Understanding Yellow Pages
Introduction

Quick - bring to mind an advertisement that you think was great advertising, that is, an ad which attracted the target audience's attention and made them more likely to purchase the advertised product or service.

Quick - name all of the advertising media in which advertisers spend more than $15 billion a year for paid advertising space.

Chances are that you mentioned a television ad as an example of a great ad and that you named television, radio and magazines as media in which advertiser expenditures exceed $15 billion per year.

Chances are that the yellow pages never came to mind.

In spite of the yellow pages being among the dominant advertising media in the United States (with advertiser expenditures exceeding $15 billion annually), few think of the yellow pages as a "real" advertising medium, in the same league as television and radio. Advertising textbooks tend to relegate the yellow pages to their discussions of "Other" or "Supplemental" media and industry research on consumers' media perceptions and behaviors tend not to include the yellow pages at all.

This document, Understanding Yellow Pages, is presented to help you better understand the dynamics of the yellow pages industry and yellow pages advertising. When you are done you will see how advertisers take advantage of the range of advertising options in both print and online yellow pages directories to successfully influence key members of their target audiences.

Each of Understanding Yellow Pages' six sections addresses a different aspect of the yellow pages:

Section 1: Industry Overview, will familiarize you with the characteristics and dynamics of both print and Internet yellow pages by answering questions such as:

  • How extensively do advertisers use print and Internet yellow pages?
  • What options do advertisers have with regard to where their ads appear in print and Internet yellow pages directories?
  • How are ads placed within print and Internet directories?
  • What is the relationship between print and Internet yellow pages?

Section 2: Media Promotion discusses how all media, including the yellow pages, compete for advertisers' expenditures and the specific techniques each medium uses to position itself against competitive media.
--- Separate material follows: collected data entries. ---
text \<open>Hoelder's inequality with the weights \<open>\<sigma>\<^sup>k\<close>, \<open>\<sigma> = \<rho>\<^sup>1\<^sup>/\<^sup>(\<^sup>2\<^sup>p\<^sup>)\<close>, bounds \<open>E d\<^sup>p(a\<^sub>s, lim a)\<close> by
  \<open>(\<sigma>\<^sup>s/(1-\<sigma>))\<^sup>p\<^sup>-\<^sup>1 \<Sum>\<^sub>k\<^sub>\<ge>\<^sub>s E d\<^sup>p(a\<^sub>k, a\<^sub>k\<^sub>+\<^sub>1) / \<sigma>\<^sup>k\<^sup>(\<^sup>p\<^sup>-\<^sup>1\<^sup>)\<close>; summing the geometric series with ratio
  \<open>\<tau> = \<rho> / \<sigma>\<^sup>p\<^sup>-\<^sup>1 = \<rho>\<^sup>(\<^sup>p\<^sup>+\<^sup>1\<^sup>)\<^sup>/\<^sup>(\<^sup>2\<^sup>p\<^sup>)\<close> leaves this constant in front of \<open>B \<rho>\<^sup>s\<close>.\<close>
definition geometric_tail_const :: "real \<Rightarrow> real \<Rightarrow> real" where
  "geometric_tail_const \<rho> p =
     1 / ((1 - \<rho> powr (1 / (2 * p))) powr (p - 1) * (1 - \<rho> powr ((p + 1) / (2 * p))))"

lemma geometric_tail_weights:
  fixes \<rho> p :: real
  assumes p: "p \<ge> 1" and \<rho>: "0 < \<rho>" "\<rho> < 1"
  defines "\<sigma> \<equiv> \<rho> powr (1 / (2 * p))"
  shows "0 < \<sigma>" "\<sigma> < 1" "\<rho> < \<sigma> powr (p - 1)"
    and "\<rho> / \<sigma> powr (p - 1) = \<rho> powr ((p + 1) / (2 * p))" "\<rho> powr ((p + 1) / (2 * p)) < 1"
    and "geometric_tail_const \<rho> p > 0"
proof -
  have \<sigma>q: "\<sigma> powr (p - 1) = \<rho> powr ((p - 1) / (2 * p))"
    unfolding \<sigma>_def by (simp add: powr_powr)
  have less1: "\<rho> powr e < 1" if "e > 0" for e
    using powr_less_mono2[OF that, of \<rho> 1] \<rho> by simp
  show "0 < \<sigma>" using \<rho> by (simp add: \<sigma>_def)
  show \<sigma>1: "\<sigma> < 1" unfolding \<sigma>_def using p by (intro less1) simp
  have "\<rho> powr 1 < \<rho> powr ((p - 1) / (2 * p))"
    using p \<rho> by (intro powr_less_mono') (auto simp: field_simps)
  then show "\<rho> < \<sigma> powr (p - 1)" using \<rho> \<sigma>q by simp
  have "\<rho> / \<sigma> powr (p - 1) = \<rho> powr (1 - (p - 1) / (2 * p))"
    unfolding \<sigma>q using \<rho> by (simp add: powr_diff)
  also have "1 - (p - 1) / (2 * p) = (p + 1) / (2 * p)"
    using p by (simp add: field_simps)
  finally show "\<rho> / \<sigma> powr (p - 1) = \<rho> powr ((p + 1) / (2 * p))" .
  show \<tau>1: "\<rho> powr ((p + 1) / (2 * p)) < 1" using p by (intro less1) simp
  show "geometric_tail_const \<rho> p > 0"
    using \<sigma>1 \<tau>1 by (simp add: geometric_tail_const_def \<sigma>_def)
qed

context
  fixes M :: "'w measure" and a :: "nat \<Rightarrow> 'w \<Rightarrow> 'a::polish_space" and p \<rho> B :: real
  assumes meas[measurable]: "\<And>s. a s \<in> borel_measurable M"
    and p: "p \<ge> 1" and \<rho>: "0 < \<rho>" "\<rho> < 1" and B: "B \<ge> 0"
    and increments: "\<And>s. (\<integral>\<^sup>+\<omega>. ennreal (dist (a s \<omega>) (a (Suc s) \<omega>) powr p) \<partial>M) \<le> ennreal (B * \<rho> ^ s)"
begin

lemma nn_integral_weighted_increments_le:
  assumes q: "\<rho> < q"
  shows "(\<integral>\<^sup>+\<omega>. (\<Sum>k. ennreal (dist (a (s + k) \<omega>) (a (Suc (s + k)) \<omega>) powr p / q ^ (s + k))) \<partial>M)
    \<le> ennreal (B * (\<rho> / q) ^ s / (1 - \<rho> / q))"
proof -
  let ?D = "\<lambda>k \<omega>. dist (a k \<omega>) (a (Suc k) \<omega>) powr p"
  define \<tau> where "\<tau> = \<rho> / q"
  have q0: "q > 0" and \<tau>: "0 < \<tau>" "\<tau> < 1" using q \<rho> by (auto simp: \<tau>_def)
  have "(\<integral>\<^sup>+\<omega>. (\<Sum>k. ennreal (?D (s + k) \<omega> / q ^ (s + k))) \<partial>M)
      = (\<Sum>k. \<integral>\<^sup>+\<omega>. ennreal (?D (s + k) \<omega>) * ennreal (1 / q ^ (s + k)) \<partial>M)"
    using q0 by (subst nn_integral_suminf) (auto simp: ennreal_mult'[symmetric])
  also have "\<dots> = (\<Sum>k. (\<integral>\<^sup>+\<omega>. ennreal (?D (s + k) \<omega>) \<partial>M) * ennreal (1 / q ^ (s + k)))"
    by (subst nn_integral_multc) auto
  also have "\<dots> \<le> (\<Sum>k. ennreal (B * \<rho> ^ (s + k)) * ennreal (1 / q ^ (s + k)))"
    by (intro suminf_le mult_right_mono increments) auto
  also have "\<dots> = (\<Sum>k. ennreal (B * \<tau> ^ (s + k)))"
    using B q0 \<rho> by (simp add: ennreal_mult[symmetric] \<tau>_def power_divide)
  also have "\<dots> = ennreal (B * \<tau> ^ s / (1 - \<tau>))"
  proof (rule suminf_ennreal_eq)
    have "(\<lambda>k. (B * \<tau> ^ s) * \<tau> ^ k) sums ((B * \<tau> ^ s) * (1 / (1 - \<tau>)))"
      by (intro sums_mult geometric_sums) (use \<tau> in auto)
    then show "(\<lambda>k. B * \<tau> ^ (s + k)) sums (B * \<tau> ^ s / (1 - \<tau>))"
      by (simp add: power_add mult.assoc)
  qed (use B \<tau> in auto)
  finally show ?thesis unfolding \<tau>_def .
qed

lemma AE_convergent_of_geometric_increments: "AE \<omega> in M. convergent (\<lambda>s. a s \<omega>)"
proof -
  define \<sigma> where "\<sigma> = \<rho> powr (1 / (2 * p))"
  note weights = geometric_tail_weights[OF p \<rho>, folded \<sigma>_def]
  let ?g = "\<lambda>\<omega> k. dist (a k \<omega>) (a (Suc k) \<omega>) powr p / (\<sigma> powr (p - 1)) ^ k"
  have "(\<integral>\<^sup>+\<omega>. (\<Sum>k. ennreal (?g \<omega> k)) \<partial>M) \<noteq> \<infinity>"
    using nn_integral_weighted_increments_le[OF weights(3), of 0] by (auto simp: top_unique)
  then have "AE \<omega> in M. (\<Sum>k. ennreal (?g \<omega> k)) \<noteq> \<infinity>"
    by (intro nn_integral_PInf_AE) auto
  then show ?thesis
  proof eventually_elim
    case (elim \<omega>)
    have "summable (?g \<omega>)" by (rule summable_suminf_not_top) (use elim weights in auto)
    then have "Cauchy (\<lambda>s. a s \<omega>)" by (rule Cauchy_of_summable_weighted_increments[OF p weights(1,2)])
    then show ?case by (simp add: Cauchy_convergent_iff)
  qed
qed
The discussion then shifts to intra-medium promotion, that is, how different vehicles within a medium (for example, competitive magazines, yellow pages directories or radio stations) attempt to demonstrate their relatively higher value to advertisers who have decided that the medium, in general, is an appropriate way to reach their target audience.

Section 3: Advertiser Options provides an in-depth view of the range of advertising placement and format options for print and Internet yellow pages directories. This section provides detailed examples of how print and online yellow pages have evolved (i.e., increased advertisers' options with regard to core product offerings) and innovated (i.e., moved beyond its core product to provide advertisers with new and distinctly different advertising opportunities).

Section 4: Creative Development places the development of yellow pages advertising in the broader context of general advertising creative planning. First, the overall creative considerations of target audience characteristics, key copy points and advertising tone/approach are addressed. Next, specific creative guidelines for the development of print and yellow pages advertising are presented.

Section 5: Consumer Dynamics addresses three key areas: the type of audience attracted and delivered to advertisers by print and Internet directories, the reasons why individuals use print and Internet directories, and how consumers perceive and respond to directory advertising.

Section 6: A Look Ahead speculates on the future of both print and Internet yellow pages.